lemma sums_div_power6: "(\<lambda>i. (B::real) / 6 ^ Suc i) sums (B / 5)"
proof -
  have "(\<lambda>i. (B/6) * (1/6) ^ i) sums ((B/6) * (1 / (1 - 1/6)))"
    by (intro sums_mult geometric_sums) simp
  moreover have "(\<lambda>i. (B/6) * (1/6) ^ i) = (\<lambda>i. (B::real) / 6 ^ Suc i)"
    by (auto simp: power_divide field_simps)
  ultimately show ?thesis by simp
qed

lemma summable_base6_digits:
  assumes "\<And>l. 0 \<le> a l" "\<And>l. a l \<le> B"
  shows "summable (\<lambda>l. of_int (a l) / (6::real) ^ Suc l)"
proof (rule summable_comparison_test)
  show "\<exists>N. \<forall>n\<ge>N. norm (of_int (a n) / (6::real) ^ Suc n) \<le> of_int B / 6 ^ Suc n"
    using assms by (auto intro!: divide_right_mono)
  show "summable (\<lambda>n. of_int B / (6::real) ^ Suc n)"
    using sums_div_power6 by (rule sums_summable)
qed

lemma sums_base6_val:
  assumes "\<And>l. 0 \<le> a l" "\<And>l. a l \<le> B"
  shows "(\<lambda>l. of_int (a l) / 6 ^ Suc l) sums base6_val a"
  unfolding base6_val_def using summable_base6_digits[OF assms] by (rule summable_sums)

lemma sum_base6_digits: "(\<Sum>l<n. of_int (a l) / (6::real) ^ Suc l) = of_int (base6_prefix a n) / 6 ^ n"
  by (induction n) (auto simp: field_simps)

lemma base6_prefix_cong: "(\<And>l. l < n \<Longrightarrow> a l = b l) \<Longrightarrow> base6_prefix a n = base6_prefix b n"
  by (induction n) auto

lemma base6_val_shift:
  "(\<lambda>l. of_int (a l) / 6 ^ Suc l) sums base6_val a \<Longrightarrow>
    6 ^ n * base6_val a = of_int (base6_prefix a n) + base6_val (\<lambda>l. a (l + n))"
proof -
  assume sums: "(\<lambda>l. of_int (a l) / 6 ^ Suc l) sums base6_val a"
  have "(\<lambda>l. of_int (a (l + n)) / (6::real) ^ Suc (l + n)) sums
          (base6_val a - of_int (base6_prefix a n) / 6 ^ n)"
    using sums by (subst sums_iff_shift) (simp only: sum_base6_digits diff_add_cancel)
  then have "(\<lambda>l. 6 ^ n * (of_int (a (l + n)) / (6::real) ^ Suc (l + n))) sums
          (6 ^ n * (base6_val a - of_int (base6_prefix a n) / 6 ^ n))"
    by (rule sums_mult)
  then have "(\<lambda>l. of_int (a (l + n)) / (6::real) ^ Suc l) sums
          (6 ^ n * base6_val a - of_int (base6_prefix a n))"
    by (simp add: power_add right_diff_distrib)
  then show ?thesis
    unfolding base6_val_def by (simp add: sums_iff)
qed
(* If $X$ is a discrete metric space with bounded geometry and finite APC-decomposition complexity, then $X$ has property A.
   Context: A discrete metric space $X$ has bounded geometry if for every $r>0$ there is $N_r$ with $|B(x,r)|<N_r$ for all $x\in X$. Such an $X$ has property A if for each $R,\varepsilon>0$ there is a map $\xi\colon X\to\ell^1(X)$ with $\|\xi_x\|_1=1$ for all $x$, $\|\xi_{x_1}-\xi_{x_2}\|_1\le\varepsilon$ whenever $d(x_1,x_2)\le R$, and some $S>0$ with $\operatorname{supp}\xi_x\subset\bar B(x,S)$ for all $x$. A family $\mathcal{U}$ of metric subspaces of $(X,d)$ is $r$-disjoint if $d(x,y)>r$ whenever $x\in U$, $y\in U'$, $U\neq U'$ in $\mathcal{U}$. For families $\mathcal{X},\mathcal{Y}$ and $R\in\mathbb{R}^{\mathbb{N}}$, $\mathcal{X}\xrightarrow{R}\mathcal{Y}$ means: there is an integer $k$ such that for each $X\in\mathcal{X}$ there are subcollections $\mathcal{U}_1,\dots,\mathcal{U}_k\subseteq\mathcal{Y}$ of subspaces of $X$, each $\mathcal{U}_i$ being $R_i$-disjoint, with $\bigcup_i\mathcal{U}_i$ covering $X$. A family is bounded if the diameters of its members are uniformly bounded. $\mathfrak{C}_0$ is the class of bounded families; for an ordinal $\alpha>0$, $\mathfrak{C}_\alpha$ is the class of families $\mathcal{X}$ such that for every $R\in\mathbb{R}^{\mathbb{N}}$ there exist $\beta<\alpha$ and $\mathcal{Y}\in\mathfrak{C}_\beta$ with $\mathcal{X}\xrightarrow{R}\mathcal{Y}$. A metric space has finite APC-decomposition complexity if it is a member of some family belonging to $\mathfrak{C}_\alpha$ for some ordinal $\alpha$. *)

theory Defs
  imports "HOL-Analysis.Analysis"
begin

text \<open>Metric
  subspaces are subsets with the restricted distance d.\<close>

definition discrete_space :: "'a set \<Rightarrow> ('a \<Rightarrow> 'a \<Rightarrow> real) \<Rightarrow> bool" where
  "discrete_space X d \<longleftrightarrow> (\<forall>x\<in>X. \<exists>e>0. \<forall>y\<in>X. d x y < e \<longrightarrow> y = x)"

definition open_ball :: "'a set \<Rightarrow> ('a \<Rightarrow> 'a \<Rightarrow> real) \<Rightarrow> 'a \<Rightarrow> real \<Rightarrow> 'a set" where
  "open_ball X d x r = {y\<in>X. d x y < r}"

definition bounded_geometry :: "'a set \<Rightarrow> ('a \<Rightarrow> 'a \<Rightarrow> real) \<Rightarrow> bool" where
  "bounded_geometry X d \<longleftrightarrow>
     (\<forall>r>0. \<exists>N::nat. \<forall>x\<in>X. finite (open_ball X d x r) \<and> card (open_ball X d x r) < N)"

text \<open>Property A, with \<open>\<xi> x\<close> an element of \<open>\<ell>\<^sup>1(X)\<close> (real valued functions on X,
  norm given by the (possibly infinite) sum of absolute values over X).\<close>
definition property_A :: "'a set \<Rightarrow> ('a \<Rightarrow> 'a \<Rightarrow> real) \<Rightarrow> bool" where
  "property_A X d \<longleftrightarrow>
     (\<forall>R>0. \<forall>\<epsilon>>0. \<exists>\<xi> :: 'a \<Rightarrow> 'a \<Rightarrow> real.
        (\<forall>x\<in>X. (\<lambda>y. \<bar>\<xi> x y\<bar>) summable_on X \<and> infsum (\<lambda>y. \<bar>\<xi> x y\<bar>) X = 1) \<and>
        (\<forall>x1\<in>X. \<forall>x2\<in>X. d x1 x2 \<le> R \<longrightarrow>
            infsum (\<lambda>y. \<bar>\<xi> x1 y - \<xi> x2 y\<bar>) X \<le> \<epsilon>) \<and>
        (\<exists>S>0. \<forall>x\<in>X. \<forall>y\<in>X. \<xi> x y \<noteq> 0 \<longrightarrow> d x y \<le> S))"

definition r_disjoint :: "('a \<Rightarrow> 'a \<Rightarrow> real) \<Rightarrow> real \<Rightarrow> 'a set set \<Rightarrow> bool" where
  "r_disjoint d r \<U> \<longleftrightarrow>
     (\<forall>U\<in>\<U>. \<forall>U'\<in>\<U>. U \<noteq> U' \<longrightarrow> (\<forall>x\<in>U. \<forall>y\<in>U'. d x y > r))"

definition bounded_family :: "('a \<Rightarrow> 'a \<Rightarrow> real) \<Rightarrow> 'a set set \<Rightarrow> bool" where
  "bounded_family d \<X> \<longleftrightarrow> (\<exists>D. \<forall>U\<in>\<X>. \<forall>x\<in>U. \<forall>y\<in>U. d x y \<le> D)"

definition decomposes :: "('a \<Rightarrow> 'a \<Rightarrow> real) \<Rightarrow> 'a set set \<Rightarrow> (nat \<Rightarrow> real) \<Rightarrow> 'a set set \<Rightarrow> bool" where
  "decomposes d \<X> R \<Y> \<longleftrightarrow>
     (\<exists>k::nat. \<forall>X\<in>\<X>. \<exists>\<U> :: nat \<Rightarrow> 'a set set.
        (\<forall>i\<in>{1..k}. \<U> i \<subseteq> \<Y> \<and> (\<forall>V\<in>\<U> i. V \<subseteq> X) \<and> r_disjoint d (R i) (\<U> i)) \<and>
        X \<subseteq> \<Union>(\<Union>i\<in>{1..k}. \<U> i))"
(* Let $e:\mathbb{R}^n\to\mathbb{R}^n$ and $f:\mathbb{R}^n\times\mathbb{R}^m\to\mathbb{R}^n$ be continuously differentiable and consider the implicit model $e(x_{t+1})=f(x_t,u_t)$. Suppose there exists $\epsilon>0$ with $E(x)+E(x)^\top\succ\epsilon I$ for all $x$, that $F(x,u)\ge 0$, $K(x,u)\ge 0$ and $E(x)\in\mathbb{M}^n$ for all $(x,u)$, and that $e(0)=f(0,0)$. Then the model is positive.
   Context: Consider discrete-time implicit models $e(x_{t+1})=f(x_t,u_t)$, $t=0,1,2,\dots$, with state $x_t\in\mathbb{R}^n$ and input $u_t\in\mathbb{R}^m$, where $e$ and $f$ are continuously differentiable. Write $E=\partial e/\partial x$, $F=\partial f/\partial x$, $K=\partial f/\partial u$. The model is well-posed if for every $(x_t,u_t)$ there is a unique $x_{t+1}$ satisfying the model equation. The model is positive if for all inputs with $u_t\ge0$ for all $t$ and all initial conditions $x_0\ge 0$, the resulting trajectory satisfies $x_t\ge0$ for all $t$. Inequalities between vectors/matrices are elementwise; $M\succ0$ means positive definite. $\mathbb{M}^n$ denotes the set of $n\times n$ nonsingular M-matrices: real matrices with all off-diagonal entries $\le 0$ and all eigenvalues having positive real part. *)

theory Defs
  imports "HOL-Analysis.Analysis"
begin

definition pos_def_mat :: "real^'n^'n \<Rightarrow> bool" where
  "pos_def_mat M \<longleftrightarrow> (\<forall>v. v \<noteq> 0 \<longrightarrow> v \<bullet> (M *v v) > 0)"

definition cmat :: "real^'n^'m \<Rightarrow> complex^'n^'m" where
  "cmat M = (\<chi> i j. complex_of_real (M $ i $ j))"

definition nonsing_M_matrix :: "real^'n^'n \<Rightarrow> bool" where
  "nonsing_M_matrix M \<longleftrightarrow>
     (\<forall>i j. i \<noteq> j \<longrightarrow> M $ i $ j \<le> 0) \<and>
     (\<forall>(lam::complex) (v::complex^'n). v \<noteq> 0 \<and> cmat M *v v = lam *s v \<longrightarrow> Re lam > 0)"

definition positive_model ::
  "(real^'n \<Rightarrow> real^'n) \<Rightarrow> (real^'n \<Rightarrow> real^'m \<Rightarrow> real^'n) \<Rightarrow> bool" where
  "positive_model e f \<longleftrightarrow>
     (\<forall>(x::nat \<Rightarrow> real^'n) (u::nat \<Rightarrow> real^'m).
        (\<forall>t. u t \<ge> 0) \<longrightarrow> x 0 \<ge> 0 \<longrightarrow>
        (\<forall>t. e (x (Suc t)) = f (x t) (u t)) \<longrightarrow> (\<forall>t. x t \<ge> 0))"

end

theory Submission
  imports Defs
begin

text \<open>The map \<open>e\<close> is strictly monotone (its symmetrised Jacobian is positive definite) and
  off-diagonally antitone (its Jacobian has nonpositive off-diagonal entries). Together these
  make \<open>e\<close> inverse isotone: if \<open>e q \<le> e p\<close>, put \<open>v = min p q\<close>; every coordinate where \<open>v\<close>
  differs from \<open>q\<close> contributes a nonpositive term to \<open>(e v - e q) \<bullet> (v - q)\<close>, so strict
  monotonicity forces \<open>v = q\<close>, i.e. \<open>q \<le> p\<close>. The map \<open>f\<close> is isotone because its Jacobians
  are nonnegative. Hence \<open>e (x (t+1)) = f (x t) (u t) \<ge> f 0 0 = e 0\<close> gives \<open>x (t+1) \<ge> 0\<close>
  by induction.\<close>

lemma has_real_derivative_along_line:
  fixes G :: "'a::real_normed_vector \<Rightarrow> 'b::real_normed_vector"
  assumes G: "(G has_derivative G') (at (a + t *\<^sub>R d))" and l: "bounded_linear l"
  shows "((\<lambda>s. l (G (a + s *\<^sub>R d))) has_real_derivative l (G' d)) (at t)"
proof -
  have "((\<lambda>s. a + s *\<^sub>R d) has_derivative (\<lambda>h. h *\<^sub>R d)) (at t)"
    by (auto intro!: derivative_eq_intros)
  from bounded_linear.has_derivative[OF l has_derivative_compose[OF this G]]
  have "((\<lambda>s. l (G (a + s *\<^sub>R d))) has_derivative (\<lambda>h. l (G' (h *\<^sub>R d)))) (at t)" .
  moreover have "(\<lambda>h. l (G' (h *\<^sub>R d))) = (\<lambda>h. l (G' d) * h)"
    using has_derivative_bounded_linear[OF G] l
    by (auto simp: linear_simps bounded_linear.linear)
  ultimately show ?thesis by (simp add: has_field_derivative_def)
qed

lemma matrix_vector_mult_nonneg:
  fixes M :: "real^'k^'n" and v :: "real^'k"
  assumes "M \<ge> 0" and "v \<ge> 0"
  shows "M *v v \<ge> 0"
  using assms unfolding matrix_vector_mult_def
  by (auto simp: less_eq_vec_def intro!: sum_nonneg mult_nonneg_nonneg)

lemma quadratic_form_pos_if_pos_def_sym_part:
  fixes M :: "real^'n^'n"
  assumes "\<epsilon> \<ge> 0" and pd: "pos_def_mat (M + transpose M - \<epsilon> *\<^sub>R mat 1)" and "d \<noteq> 0"
  shows "(M *v d) \<bullet> d > 0"
proof -
  have "d \<bullet> (d v* M) = d \<bullet> (M *v d)" by (metis dot_lmul_matrix inner_commute)
  then have "d \<bullet> ((M + transpose M - \<epsilon> *\<^sub>R mat 1) *v d) = 2 * ((M *v d) \<bullet> d) - \<epsilon> * (d \<bullet> d)"
    by (simp add: matrix_vector_mult_add_rdistrib matrix_vector_mult_diff_rdistrib
        transpose_matrix_vector inner_add_right inner_diff_right dot_lmul_matrix inner_commute
        scaleR_matrix_vector_assoc[symmetric])
  moreover have "d \<bullet> ((M + transpose M - \<epsilon> *\<^sub>R mat 1) *v d) > 0"
    using pd \<open>d \<noteq> 0\<close> unfolding pos_def_mat_def by blast
  ultimately show ?thesis
    using \<open>\<epsilon> \<ge> 0\<close> by (smt (verit) inner_ge_zero mult_nonneg_nonneg)
qed

lemma strictly_monotone_if_quadratic_form_pos:
  fixes e :: "real^'n \<Rightarrow> real^'n" and E :: "real^'n \<Rightarrow> real^'n^'n"
  assumes e_deriv: "\<And>x. (e has_derivative (\<lambda>h. E x *v h)) (at x)"
    and E_pos: "\<And>x d. d \<noteq> 0 \<Longrightarrow> (E x *v d) \<bullet> d > 0"
    and "v \<noteq> q"
  shows "(e v - e q) \<bullet> (v - q) > 0"
proof -
  define d where "d = v - q"
  have "d \<noteq> 0" using \<open>v \<noteq> q\<close> by (simp add: d_def)
  have "e (q + 0 *\<^sub>R d) \<bullet> d < e (q + 1 *\<^sub>R d) \<bullet> d"
  proof (rule DERIV_pos_imp_increasing[where f="\<lambda>s. e (q + s *\<^sub>R d) \<bullet> d"])
    fix t :: real
    have "((\<lambda>s. e (q + s *\<^sub>R d) \<bullet> d) has_real_derivative (E (q + t *\<^sub>R d) *v d) \<bullet> d) (at t)"
      using has_real_derivative_along_line[OF e_deriv bounded_linear_inner_left] by simp
    then show "\<exists>y. ((\<lambda>s. e (q + s *\<^sub>R d) \<bullet> d) has_real_derivative y) (at t) \<and> 0 < y"
      using E_pos[OF \<open>d \<noteq> 0\<close>] by blast
  qed simp
  then show ?thesis by (simp add: d_def inner_diff_left)
qed

lemma off_diagonally_antitone_if_off_diagonal_nonpos:
  fixes e :: "real^'n \<Rightarrow> real^'n" and E :: "real^'n \<Rightarrow> real^'n^'n"
  assumes e_deriv: "\<And>x. (e has_derivative (\<lambda>h. E x *v h)) (at x)"
    and off: "\<And>x i j. i \<noteq> j \<Longrightarrow> E x $ i $ j \<le> 0"
    and "a \<le> b" and "a $ i = b $ i"
  shows "e b $ i \<le> e a $ i"
proof -
  define d where "d = b - a"
  have d_nonneg: "d $ j \<ge> 0" for j using \<open>a \<le> b\<close> by (simp add: d_def less_eq_vec_def)
  have "d $ i = 0" using \<open>a $ i = b $ i\<close> by (simp add: d_def)
  have "- e (a + 0 *\<^sub>R d) $ i \<le> - e (a + 1 *\<^sub>R d) $ i"
  proof (rule DERIV_nonneg_imp_nondecreasing[where f="\<lambda>s. - e (a + s *\<^sub>R d) $ i"])
    fix t :: real
    let ?E = "E (a + t *\<^sub>R d)"
    have "((\<lambda>s. - e (a + s *\<^sub>R d) $ i) has_real_derivative - (?E *v d) $ i) (at t)"
      using has_real_derivative_along_line[OF e_deriv bounded_linear_minus[OF bounded_linear_vec_nth]]
      by simp
    moreover have "?E $ i $ j * d $ j \<le> 0" for j
      using off[of i j] d_nonneg[of j] \<open>d $ i = 0\<close>
      by (cases "i = j") (auto intro: mult_nonpos_nonneg)
    then have "(?E *v d) $ i \<le> 0"
      by (simp add: matrix_vector_mult_def sum_nonpos)
    ultimately show "\<exists>y. ((\<lambda>s. - e (a + s *\<^sub>R d) $ i) has_real_derivative y) (at t) \<and> 0 \<le> y"
      by force
  qed simp
  then show ?thesis by (simp add: d_def)
qed

lemma inverse_isotone_if_strictly_monotone_off_diagonally_antitone:
  fixes e :: "real^'n \<Rightarrow> real^'n"
  assumes strict_mono: "\<And>v q. v \<noteq> q \<Longrightarrow> (e v - e q) \<bullet> (v - q) > 0"
    and off_antitone: "\<And>a b i. a \<le> b \<Longrightarrow> a $ i = b $ i \<Longrightarrow> e b $ i \<le> e a $ i"
    and "e q \<le> e p"
  shows "q \<le> p"
proof -
  define v where "v = (\<chi> i. min (p $ i) (q $ i))"
  have "v \<le> p" by (simp add: v_def less_eq_vec_def)
  have "(e v - e q) $ i * (v - q) $ i \<le> 0" for i
  proof (cases "p $ i < q $ i")
    case True
    then have "v $ i = p $ i" by (simp add: v_def)
    with off_antitone[OF \<open>v \<le> p\<close>] have "e p $ i \<le> e v $ i" by blast
    moreover have "e q $ i \<le> e p $ i" using \<open>e q \<le> e p\<close> by (simp add: less_eq_vec_def)
    ultimately show ?thesis
      using True \<open>v $ i = p $ i\<close> by (simp add: mult_nonneg_nonpos)
  qed (simp add: v_def)
  then have "(e v - e q) \<bullet> (v - q) \<le> 0"
    by (simp add: inner_vec_def sum_nonpos)
  with strict_mono have "v = q" by force
  with \<open>v \<le> p\<close> show ?thesis by simp
qed

lemma isotone_if_jacobians_nonneg:
  fixes f :: "real^'n \<Rightarrow> real^'m \<Rightarrow> real^'k"
    and F :: "real^'n \<Rightarrow> real^'m \<Rightarrow> real^'n^'k"
    and K :: "real^'n \<Rightarrow> real^'m \<Rightarrow> real^'m^'k"
  assumes f_deriv: "\<And>x u. ((\<lambda>(y, w). f y w) has_derivative
                     (\<lambda>(h, k). F x u *v h + K x u *v k)) (at (x, u))"
    and F_nonneg: "\<And>x u. F x u \<ge> 0"
    and K_nonneg: "\<And>x u. K x u \<ge> 0"
    and "x \<le> x'" and "u \<le> u'"
  shows "f x u \<le> f x' u'"
proof -
  have "f x u $ i \<le> f x' u' $ i" for i
  proof -
    let ?g = "\<lambda>s. (\<lambda>(y, w). f y w) ((x, u) + s *\<^sub>R (x' - x, u' - u)) $ i"
    have "?g 0 \<le> ?g 1"
    proof (rule DERIV_nonneg_imp_nondecreasing[where f="?g"])
      fix t :: real
      let ?p = "(x, u) + t *\<^sub>R (x' - x, u' - u)"
      let ?D = "F (fst ?p) (snd ?p) *v (x' - x) + K (fst ?p) (snd ?p) *v (u' - u)"
      have "(?g has_real_derivative ?D $ i) (at t)"
        using has_real_derivative_along_line[OF f_deriv[of "fst ?p" "snd ?p", unfolded prod.collapse]
            bounded_linear_vec_nth[of i]]
        by simp
      moreover have "?D \<ge> 0"
        using matrix_vector_mult_nonneg[OF F_nonneg] matrix_vector_mult_nonneg[OF K_nonneg]
          \<open>x \<le> x'\<close> \<open>u \<le> u'\<close> by simp
      ultimately show "\<exists>y. (?g has_real_derivative y) (at t) \<and> 0 \<le> y"
        by (force simp: less_eq_vec_def)
    qed simp
    then show ?thesis by simp
  qed
  then show ?thesis by (simp add: less_eq_vec_def)
qed

lemma positive_model_if_isotone:
  fixes e :: "real^'n \<Rightarrow> real^'n" and f :: "real^'n \<Rightarrow> real^'m \<Rightarrow> real^'n"
  assumes e_inv_iso: "\<And>p q. e q \<le> e p \<Longrightarrow> q \<le> p"
    and f_iso: "\<And>x u. x \<ge> 0 \<Longrightarrow> u \<ge> 0 \<Longrightarrow> f 0 0 \<le> f x u"
    and "e 0 = f 0 0"
  shows "positive_model e f"
  unfolding positive_model_def
proof (intro allI impI)
  fix x :: "nat \<Rightarrow> real^'n" and u :: "nat \<Rightarrow> real^'m" and t
  assume "\<forall>t. u t \<ge> 0" "x 0 \<ge> 0" and step: "\<forall>t. e (x (Suc t)) = f (x t) (u t)"
  show "x t \<ge> 0"
  proof (induction t)
    case (Suc t)
    with f_iso \<open>\<forall>t. u t \<ge> 0\<close> step \<open>e 0 = f 0 0\<close> have "e 0 \<le> e (x (Suc t))" by simp
    then show ?case by (rule e_inv_iso)
  qed (use \<open>x 0 \<ge> 0\<close> in simp)
qed

theorem theorem1:
  fixes e :: "real^'n \<Rightarrow> real^'n"
    and f :: "real^'n \<Rightarrow> real^'m \<Rightarrow> real^'n"
    and E :: "real^'n \<Rightarrow> real^'n^'n"
    and F :: "real^'n \<Rightarrow> real^'m \<Rightarrow> real^'n^'n"
    and K :: "real^'n \<Rightarrow> real^'m \<Rightarrow> real^'m^'n"
    and \<epsilon> :: real
  assumes e_deriv: "\<And>x. (e has_derivative (\<lambda>h. E x *v h)) (at x)"
    and E_cont: "continuous_on UNIV E"
    and f_deriv: "\<And>x u. ((\<lambda>(y, w). f y w) has_derivative
                     (\<lambda>(h, k). F x u *v h + K x u *v k)) (at (x, u))"
    and F_cont: "continuous_on UNIV (\<lambda>(x, u). F x u)"
    and K_cont: "continuous_on UNIV (\<lambda>(x, u). K x u)"
    and eps_pos: "\<epsilon> > 0"
    and E_pd: "\<And>x. pos_def_mat (E x + transpose (E x) - \<epsilon> *\<^sub>R mat 1)"
    and F_nonneg: "\<And>x u. F x u \<ge> 0"
    and K_nonneg: "\<And>x u. K x u \<ge> 0"
    and E_M: "\<And>x. nonsing_M_matrix (E x)"
    and e0: "e 0 = f 0 0"
  shows "positive_model e f"
proof (rule positive_model_if_isotone)
  have E_pos: "\<And>x d. d \<noteq> 0 \<Longrightarrow> (E x *v d) \<bullet> d > 0"
    using quadratic_form_pos_if_pos_def_sym_part[OF less_imp_le[OF eps_pos] E_pd] by blast
  have off: "\<And>x i j. i \<noteq> j \<Longrightarrow> E x $ i $ j \<le> 0"
    using E_M unfolding nonsing_M_matrix_def by blast
  show "q \<le> p" if "e q \<le> e p" for p q
    using inverse_isotone_if_strictly_monotone_off_diagonally_antitone
      strictly_monotone_if_quadratic_form_pos[OF e_deriv E_pos]
      off_diagonally_antitone_if_off_diagonal_nonpos[OF e_deriv off] that
    by blast
  show "f 0 0 \<le> f x u" if "x \<ge> 0" "u \<ge> 0" for x u
    using isotone_if_jacobians_nonneg[OF f_deriv F_nonneg K_nonneg that] .
qed (fact e0)

end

What to produce: Copy every line that contains "nonpositive" from the listing above.

Solution:
  off-diagonally antitone (its Jacobian has nonpositive off-diagonal entries). Together these
  differs from \<open>q\<close> contributes a nonpositive term to \<open>(e v - e q) \<bullet> (v - q)\<close>, so strict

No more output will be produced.